YOUR ASSIGNMENT =
When the line containing "with u' = A" is reached, include it and end there; set down verbatim every line before it, starting at the top of the records.

SUPPLIED MATERIAL =
text \<open>
  In the Liouville coordinate the function below is u' sin (k (Y - y)) + k u cos (k (Y - y)),
  with u' = A phi + flux / F.  Its derivative is (u'' + k^2 u) sin (k (Y - y)) = potential u sin (k (Y - y))
  times dy/dx; working in x avoids differentiating u twice.
\<close>
lemma duhamel_integrand_deriv:
  assumes k: "k\<^sup>2 = lam" and x: "x \<in> {0<..<L}"
  shows "((\<lambda>x. (A x * phi x + flux x / F x) * sin (k * (Y - yf x)) + k * (F x * phi x) * cos (k * (Y - yf x)))
          has_real_derivative sin (k * (Y - yf x)) * yf' x * (potential x * (F x * phi x))) (at x)"
proof -
  have x': "x \<in> {0..L}"
    using x by auto
  have pos: "F x > 0" "yf' x > 0"
    using F_pos[OF x'] yf'_pos[OF x'] by auto
  have w: "w x = yf' x * (F x)\<^sup>2"
    using yf'_F_square[OF x'] by simp
  have "(yf' x)\<^sup>2 = w x / p x"
    using p_pos[OF x'] w_pos[OF x'] by (simp add: yf'_def)
  then have p: "p x = (F x)\<^sup>2 / yf' x"
    using w p_pos[OF x'] pos by (simp add: field_simps power2_eq_square)
  have A: "A x = F' x / yf' x"
    using A_yf'[OF x'] pos by (simp add: field_simps)
  have dphi: "dphi x = flux x * yf' x / (F x)\<^sup>2"
    using p_dphi_eq_flux[OF x] p pos by (simp add: field_simps)
  have F_nz: "F x \<noteq> 0"
    using pos by simp
  show ?thesis
    by (rule DERIV_cong, (auto intro!: derivative_eq_intros A_deriv[OF x] phi_deriv[OF x]
          flux_deriv[OF x] F_deriv[OF x] yf_interior_deriv[OF x] simp: F_nz)[1])
      (use pos in \<open>simp add: A w dphi potential_def field_simps power2_eq_square flip: k\<close>)
qed

lemma u_duhamel:
  assumes k: "k\<^sup>2 = lam" "k > 0" and Y: "Y \<in> {0..B}"
  shows "u Y = flux 0 / (k * F 0) * sin (k * Y)
               + integral {0..Y} (\<lambda>t. sin (k * (Y - t)) * (potential (xf t) * u t)) / k"
proof -
  define X where "X = xf Y"
  have X: "X \<in> {0..L}" and YX: "yf X = Y"
    unfolding X_def using xf_mem[OF Y] yf_xf[OF Y] by auto
  define G where "G x = (A x * phi x + flux x / F x) * sin (k * (Y - yf x))
                        + k * (F x * phi x) * cos (k * (Y - yf x))" for x
  define h where "h t = sin (k * (Y - t)) * (potential (xf t) * u t)" for t
  have "continuous_on {0..L} G"
    unfolding G_def using F_pos
    by (intro continuous_intros A_cont phi_cont flux_cont F_cont yf_cont) force
  then have "((\<lambda>x. sin (k * (Y - yf x)) * yf' x * (potential x * (F x * phi x))) has_integral G X - G 0) {0..X}"
    using X duhamel_integrand_deriv[OF k(1)]
    by (intro fundamental_theorem_of_calculus_interior)
      (auto simp: G_def has_real_derivative_iff_has_vector_derivative[symmetric]
        intro: continuous_on_subset)
  moreover have "((\<lambda>x. sin (k * (Y - yf x)) * yf' x * (potential x * (F x * phi x))) has_integral
                   integral {0..Y} h) {0..X}"
  proof (rule has_integral_eq[rotated])
    have "continuous_on {0..B} h"
      unfolding h_def by (intro continuous_intros continuous_on_comp_xf potential_cont u_cont)
    then show "((\<lambda>x. yf' x * h (yf x)) has_integral integral {0..Y} h) {0..X}"
      using has_integral_yf_substitution[OF _ X] YX by simp
    show "yf' x * h (yf x) = sin (k * (Y - yf x)) * yf' x * (potential x * (F x * phi x))"
      if "x \<in> {0..X}" for x
      using that X by (simp add: h_def u_yf xf_yf)
  qed
  ultimately have "G X - G 0 = integral {0..Y} h"
    by (rule has_integral_unique)
  moreover have "G X = k * u Y" "G 0 = flux 0 / F 0 * sin (k * Y)"
    using YX X by (simp_all add: G_def u_def X_def yf_0 phi_0)
  ultimately show ?thesis
    using \<open>k > 0\<close> unfolding h_def[abs_def] by (simp add: field_simps)
qed

lemma integral_yf_substitution:
  "continuous_on {0..B} h \<Longrightarrow> integral {0..L} (\<lambda>x. yf' x * h (yf x)) = integral {0..B} h"
  using has_integral_yf_substitution[of h L] L_pos by (simp add: B_def integral_unique)

lemma yf'_F_pow4_weight:
  assumes x: "x \<in> {0..L}"
  shows "yf' x * (F x) ^ 4 * (p x powr (-1/2) * w x powr (-3/2)) = 1"
proof -
  have "p x > 0" "w x > 0"
    using p_pos[OF x] w_pos[OF x] by auto
  have "w x powr (3/2) = w x powr (1 + 1/2)"
    by simp
  also have "\<dots> = w x * sqrt (w x)"
    using \<open>w x > 0\<close> by (subst powr_add) (simp add: powr_half_sqrt)
  finally show ?thesis
    using \<open>p x > 0\<close> \<open>w x > 0\<close>
    by (simp add: F_pow4[OF x] yf'_def powr_minus powr_half_sqrt real_sqrt_divide field_simps)
qed

lemma integral_phi_square:
  "integral {0..L} (\<lambda>x. (phi x)\<^sup>2) = integral {0..B} (\<lambda>y. (u y)\<^sup>2 * (1 / w (xf y)))"
proof -
  have "integral {0..L} (\<lambda>x. (phi x)\<^sup>2) = integral {0..L} (\<lambda>x. yf' x * ((u (yf x))\<^sup>2 * (1 / w (xf (yf x)))))"
  proof (rule integral_cong)
    fix x assume x: "x \<in> {0..L}"
    show "(phi x)\<^sup>2 = yf' x * ((u (yf x))\<^sup>2 * (1 / w (xf (yf x))))"
      using yf'_F_square[OF x] w_pos[OF x] by (simp add: u_yf[OF x] xf_yf[OF x] field_simps)
  qed
  also have "\<dots> = integral {0..B} (\<lambda>y. (u y)\<^sup>2 * (1 / w (xf y)))"
    using w_pos xf_mem
    by (intro integral_yf_substitution continuous_intros u_cont continuous_on_comp_xf w_cont) force
  finally show ?thesis .
qed

lemma integral_phi_pow4:
  "integral {0..L} (\<lambda>x. (phi x) ^ 4)
     = integral {0..B} (\<lambda>y. (u y) ^ 4 * (p (xf y) powr (-1/2) * w (xf y) powr (-3/2)))"
proof -
  have "integral {0..L} (\<lambda>x. (phi x) ^ 4)
          = integral {0..L} (\<lambda>x. yf' x * ((u (yf x)) ^ 4 * (p (xf (yf x)) powr (-1/2) * w (xf (yf x)) powr (-3/2))))"
  proof (rule integral_cong)
    fix x assume x: "x \<in> {0..L}"
    show "(phi x) ^ 4 = yf' x * ((u (yf x)) ^ 4 * (p (xf (yf x)) powr (-1/2) * w (xf (yf x)) powr (-3/2)))"
      using yf'_F_pow4_weight[OF x] by (simp add: u_yf[OF x] xf_yf[OF x] power_mult_distrib mult_ac)
  qed
  also have "\<dots> = integral {0..B} (\<lambda>y. (u y) ^ 4 * (p (xf y) powr (-1/2) * w (xf y) powr (-3/2)))"
    using p_pos w_pos xf_mem
    by (intro integral_yf_substitution continuous_intros u_cont continuous_on_comp_xf p_cont w_cont)
      (force+)
  finally show ?thesis .
qed

lemma u_integrals_pos:
  assumes "\<exists>x\<in>{0..L}. phi x \<noteq> 0"
  shows "integral {0..B} (\<lambda>y. (u y)\<^sup>2) > 0" and "integral {0..B} (\<lambda>y. (u y) ^ 4) > 0"
proof -
  obtain x0 where x0: "x0 \<in> {0..L}" "phi x0 \<noteq> 0"
    using assms by blast
  then have "yf x0 \<in> {0..B}" "u (yf x0) \<noteq> 0"
    using yf_image F_pos[OF x0(1)] by (auto simp: u_yf)
  then show "integral {0..B} (\<lambda>y. (u y)\<^sup>2) > 0" "integral {0..B} (\<lambda>y. (u y) ^ 4) > 0"
    by (intro integral_pos_of_nonneg[OF _ _ B_pos] continuous_intros u_cont; simp)+
qed

lemma weight_supnorm_bounds:
  assumes x: "x \<in> {0..L}"
  shows "w x \<le> supnorm {0<..<L} w"
    and "1 / w x \<le> supnorm {0<..<L} (\<lambda>x. 1 / w x)"
    and "p x powr (-1/2) * w x powr (-3/2) \<le> supnorm {0<..<L} (\<lambda>x. p x powr (-1/2) * w x powr (-3/2))"
    and "p x powr (1/2) * w x powr (3/2) \<le> supnorm {0<..<L} (\<lambda>x. p x powr (1/2) * w x powr (3/2))"
proof -
  have pos: "p x > 0" "w x > 0"
    using p_pos[OF x] w_pos[OF x] by auto
  have p_nz: "\<forall>x\<in>{0..L}. p x \<noteq> 0" and w_nz: "\<forall>x\<in>{0..L}. w x \<noteq> 0"
    using p_pos w_pos by force+
  note bound = abs_le_supnorm[OF _ L_pos x]
  show "w x \<le> supnorm {0<..<L} w"
    using bound[OF w_cont] pos by simp
  show "1 / w x \<le> supnorm {0<..<L} (\<lambda>x. 1 / w x)"
    using bound[of "\<lambda>x. 1 / w x"] pos w_nz by (simp add: continuous_on_divide w_cont)
  show "p x powr (-1/2) * w x powr (-3/2) \<le> supnorm {0<..<L} (\<lambda>x. p x powr (-1/2) * w x powr (-3/2))"
    using bound[of "\<lambda>x. p x powr (-1/2) * w x powr (-3/2)"] p_nz w_nz
    by (simp add: continuous_intros p_cont w_cont)
  show "p x powr (1/2) * w x powr (3/2) \<le> supnorm {0<..<L} (\<lambda>x. p x powr (1/2) * w x powr (3/2))"
    using bound[of "\<lambda>x. p x powr (1/2) * w x powr (3/2)"] p_nz w_nz
    by (simp add: continuous_intros p_cont w_cont)
qed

RESPONSE =
text \<open>
  In the Liouville coordinate the function below is u' sin (k (Y - y)) + k u cos (k (Y - y)),
  with u' = A phi + flux / F.  Its derivative is (u'' + k^2 u) sin (k (Y - y)) = potential u sin (k (Y - y))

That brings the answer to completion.